The Hamilton Spectator

Appeal Court overturns drug conviction over unlawful detention

- THE HAMILTON SPECTATOR

Ontario’s top court has overturned a man’s drug traffickin­g conviction on the grounds that he was unlawfully detained by a Hamilton police officer during his arrest.

Zwelakhe Mhlongo was convicted of possession of cocaine for the purpose of traffickin­g in April 2014 following a vehicle stop for a Highway Traffic Act offence two years prior.

He filed an appeal based on the trial judge’s decision not to exclude the cocaine and cash seized as evidence.

While the trial judge found Mhlongo’s charter rights around unlawful search and seizure and the right to counsel had been breached, he did not find that to be the case for arbitrary detention.

But in a ruling released by the Ontario Court of Appeal Friday, Justice Robert Blair disagreed with that judge’s finding.

“It is (a) palpable and overriding error, in my view, to find … that the appellant was not detained for criminal investigat­ive purposes prior to his physical detention and subsequent arrest,” he wrote in his ruling, which was endorsed by Justices Gloria Epstein and James MacPherson.

According to the ruling, Mhlongo was a passenger in a rental car that was pulled over for suspected unauthoriz­ed licence plates around 7:15 p.m. on July 27, 2012.

The driver of the car was arrested after police ran a search and confirmed the licence plates didn’t belong to the vehicle. The officer also ran checks on Mhlongo and the other passenger, and found Mhlongo had a criminal record.

The officer asked his colleague to detain Mhlongo because “although he had no specific crime in mind at the time,” he suspected “something else might be going on besides the HTA offence.”

Before Mhlongo could be detained, the police officer saw him walk toward a vehicle parked next to the rental car and “make a downward motion with his hand.”

According to the ruling, Mhlongo was handcuffed just before 8 p.m. so the officer could get what he believed had been thrown under the car, which ended up being two bags of cocaine.

Mhlongo was arrested and patted down, at which point an iPhone, BlackBerry and $420 in cash were found on him.

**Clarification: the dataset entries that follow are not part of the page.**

(* Let the setting be as in the context. For any function $\Phi:\omega_{h\widehat1}\times\{t_m\}_{m\ge0}\to\mathbb C$ with $\Phi^0=0$ and any $M\ge1$, \[ \mathrm{Im}\sum_{m=1}^M\Bigl(\mathcal S^m_{\rm ref}\mathbf\Phi^m,\ \frac{\Phi^{m-1}+\Phi^m}{2}\Bigr)_{\omega_{h\widehat1}}\tau\ \ge\ 0 . \]
   Context: Let $n\ge2$, $\hbar>0$, $c_\hbar>0$, $V_\infty\in\mathbb R$, $\tau>0$ and $t_m=m\tau$. Let $X_1,\dots,X_n>0$, integers $J_k\ge2$, $h_k=X_k/J_k$; $\omega_{h\widehat1}=\{(j_2h_2,\dots,j_nh_n):1\le j_k\le J_k-1\}$, with inner product $(U,W)_{\omega_{h\widehat1}}=\sum_{j_2=1}^{J_2-1}\cdots\sum_{j_n=1}^{J_n-1}U_{j_2,\dots,j_n}W^*_{j_2,\dots,j_n}h_2\cdots h_n$. Discrete sine transform in $x_k$ ($k\ge2$): $(\mathcal F_kP)^{(q)}=\frac2{J_k}\sum_{j=1}^{J_k-1}P_j\sin\frac{\pi qj}{J_k}$, $(\mathcal F_k^{-1}P^{(\cdot)})_j=\sum_{q=1}^{J_k-1}P^{(q)}\sin\frac{\pi qj}{J_k}$; $\lambda^{(k)}_q=\bigl(\frac2{h_k}\sin\frac{\pi qh_k}{2X_k}\bigr)^2$, $\sigma^{(k)}_q=1-\frac13\sin^2\frac{\pi qh_k}{2X_k}$. Discrete convolution $(R*Q)^m=\sum_{p=0}^mR^pQ^{m-p}$. With $\mathbf\Phi^m=\{\Phi^0,\dots,\Phi^m\}$, $\Phi^{\mathbf q}=(\mathcal F_n\cdots(\mathcal F_2\Phi)^{(q_2)}\cdots)^{(q_n)}$ for $\mathbf q=(q_2,\dots,q_n)$, $1\le q_k\le J_k-1$, define $\mathcal S^m_{\rm ref}\mathbf\Phi^m=\mathcal F_2^{-1}\cdots\mathcal F_n^{-1}\bigl[\sigma^{(2)}_{q_2}\cdots\sigma^{(n)}_{q_n}(R_{\mathbf q}*\Phi^{\mathbf q})^m\bigr]$, where $R_{\mathbf q}=R[V_{\infty,\mathbf q}]$ with $V_{\infty,\mathbf q}=V_\infty+c_\hbar\sum_{k=2}^n\lambda^{(k)}_{q_k}/\sigma^{(k)}_{q_k}$. For real $W_\infty$, $R[W_\infty]=(R^m)_{m\ge0}$ is given by $R^0=c_1$, $R^1=-c_1\varkappa\mu$, $R^m=\frac{2m-3}{m}\varkappa\mu R^{m-1}-\frac{m-3}{m}\varkappa^2R^{m-2}$ for $m\ge2$, where $a=\frac{W_\infty}{2c_\hbar}+i\frac{\hbar}{\tau c_\hbar}$, $\alpha=2a+\frac23h_1^2a^2\ (\ne0)$, $\arg\alpha\in(0,2\pi)$, $\beta=2\,\mathrm{Re}\,a+\frac23h_1^2|a|^2$, $c_1=-\frac{|\alpha|^{1/2}}2e^{-i(\arg\alpha)/2}$, $\varkappa=-e^{i\arg\alpha}$, $\mu=\beta/|\alpha|\in(-1,1)$. *)

theory Defs
  imports Complex_Main "HOL-Library.FuncSet"
begin

(* Index vectors q = (q_2,...,q_n) are functions nat => nat; only coordinates 2..n matter.
   Grid functions are (nat => nat) => complex. *)

definition grid :: "nat \<Rightarrow> (nat \<Rightarrow> nat) \<Rightarrow> (nat \<Rightarrow> nat) set" where
  "grid n J = PiE {2..n} (\<lambda>k. {1..<J k})"

definition dst :: "(nat \<Rightarrow> nat) \<Rightarrow> nat \<Rightarrow> ((nat \<Rightarrow> nat) \<Rightarrow> complex) \<Rightarrow> ((nat \<Rightarrow> nat) \<Rightarrow> complex)" where
  "dst J k P = (\<lambda>q. complex_of_real (2 / real (J k)) *
      (\<Sum>j\<in>{1..<J k}. P (q(k := j)) * complex_of_real (sin (pi * real (q k) * real j / real (J k)))))"

definition idst :: "(nat \<Rightarrow> nat) \<Rightarrow> nat \<Rightarrow> ((nat \<Rightarrow> nat) \<Rightarrow> complex) \<Rightarrow> ((nat \<Rightarrow> nat) \<Rightarrow> complex)" where
  "idst J k P = (\<lambda>j.
      (\<Sum>q\<in>{1..<J k}. P (j(k := q)) * complex_of_real (sin (pi * real q * real (j k) / real (J k)))))"

definition dst_all :: "nat \<Rightarrow> (nat \<Rightarrow> nat) \<Rightarrow> ((nat \<Rightarrow> nat) \<Rightarrow> complex) \<Rightarrow> ((nat \<Rightarrow> nat) \<Rightarrow> complex)" where
  "dst_all n J P = foldl (\<lambda>Q k. dst J k Q) P [2..<Suc n]"

definition idst_all :: "nat \<Rightarrow> (nat \<Rightarrow> nat) \<Rightarrow> ((nat \<Rightarrow> nat) \<Rightarrow> complex) \<Rightarrow> ((nat \<Rightarrow> nat) \<Rightarrow> complex)" where
  "idst_all n J P = foldr (\<lambda>k Q. idst J k Q) [2..<Suc n] P"

definition arg02 :: "complex \<Rightarrow> real" where
  "arg02 z = (if Arg z > 0 then Arg z else Arg z + 2 * pi)"

definition Rcoef_a :: "real \<Rightarrow> real \<Rightarrow> real \<Rightarrow> real \<Rightarrow> complex" where
  "Rcoef_a hbar ch tau W = complex_of_real (W / (2 * ch)) + \<i> * complex_of_real (hbar / (tau * ch))"

definition Rcoef_alpha :: "real \<Rightarrow> real \<Rightarrow> real \<Rightarrow> real \<Rightarrow> real \<Rightarrow> complex" where
  "Rcoef_alpha hbar ch tau h1 W =
     (let a = Rcoef_a hbar ch tau W in 2 * a + complex_of_real (2/3 * h1^2) * a^2)"

definition Rcoef_beta :: "real \<Rightarrow> real \<Rightarrow> real \<Rightarrow> real \<Rightarrow> real \<Rightarrow> real" where
  "Rcoef_beta hbar ch tau h1 W =
     (let a = Rcoef_a hbar ch tau W in 2 * Re a + 2/3 * h1^2 * (cmod a)^2)"

definition Rcoef_c1 :: "real \<Rightarrow> real \<Rightarrow> real \<Rightarrow> real \<Rightarrow> real \<Rightarrow> complex" where
  "Rcoef_c1 hbar ch tau h1 W =
     (let \<alpha> = Rcoef_alpha hbar ch tau h1 W in
       - complex_of_real (sqrt (cmod \<alpha>) / 2) * exp (- \<i> * complex_of_real (arg02 \<alpha> / 2)))"

definition Rcoef_kappa :: "real \<Rightarrow> real \<Rightarrow> real \<Rightarrow> real \<Rightarrow> real \<Rightarrow> complex" where
  "Rcoef_kappa hbar ch tau h1 W = - exp (\<i> * complex_of_real (arg02 (Rcoef_alpha hbar ch tau h1 W)))"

The ruling spells out that, according to the Supreme Court of Canada, a police officer can detain a person to investigat­e a criminal offence “if there are reasonable grounds to suspect in all the circumstan­ces that the individual is connected to a particular crime and that such detention is necessary.”

“No such grounds existed here,” Blair wrote.

Mhlongo’s detention turned from lawful to “arbitrary” once the driver of the car was arrested, he continued.

This took place around 7:25 p.m., and Mhlongo wasn’t advised of his right to counsel until 8 p.m.

“I view the unlawful detention of the appellant for purposes of a criminal investigat­ion … as well toward the serious end of the breach spectrum, and the failure to provide the appellant with his right to counsel for more than half an hour after the commenceme­nt of that unlawful detention as even further along that spectrum,” Blair wrote.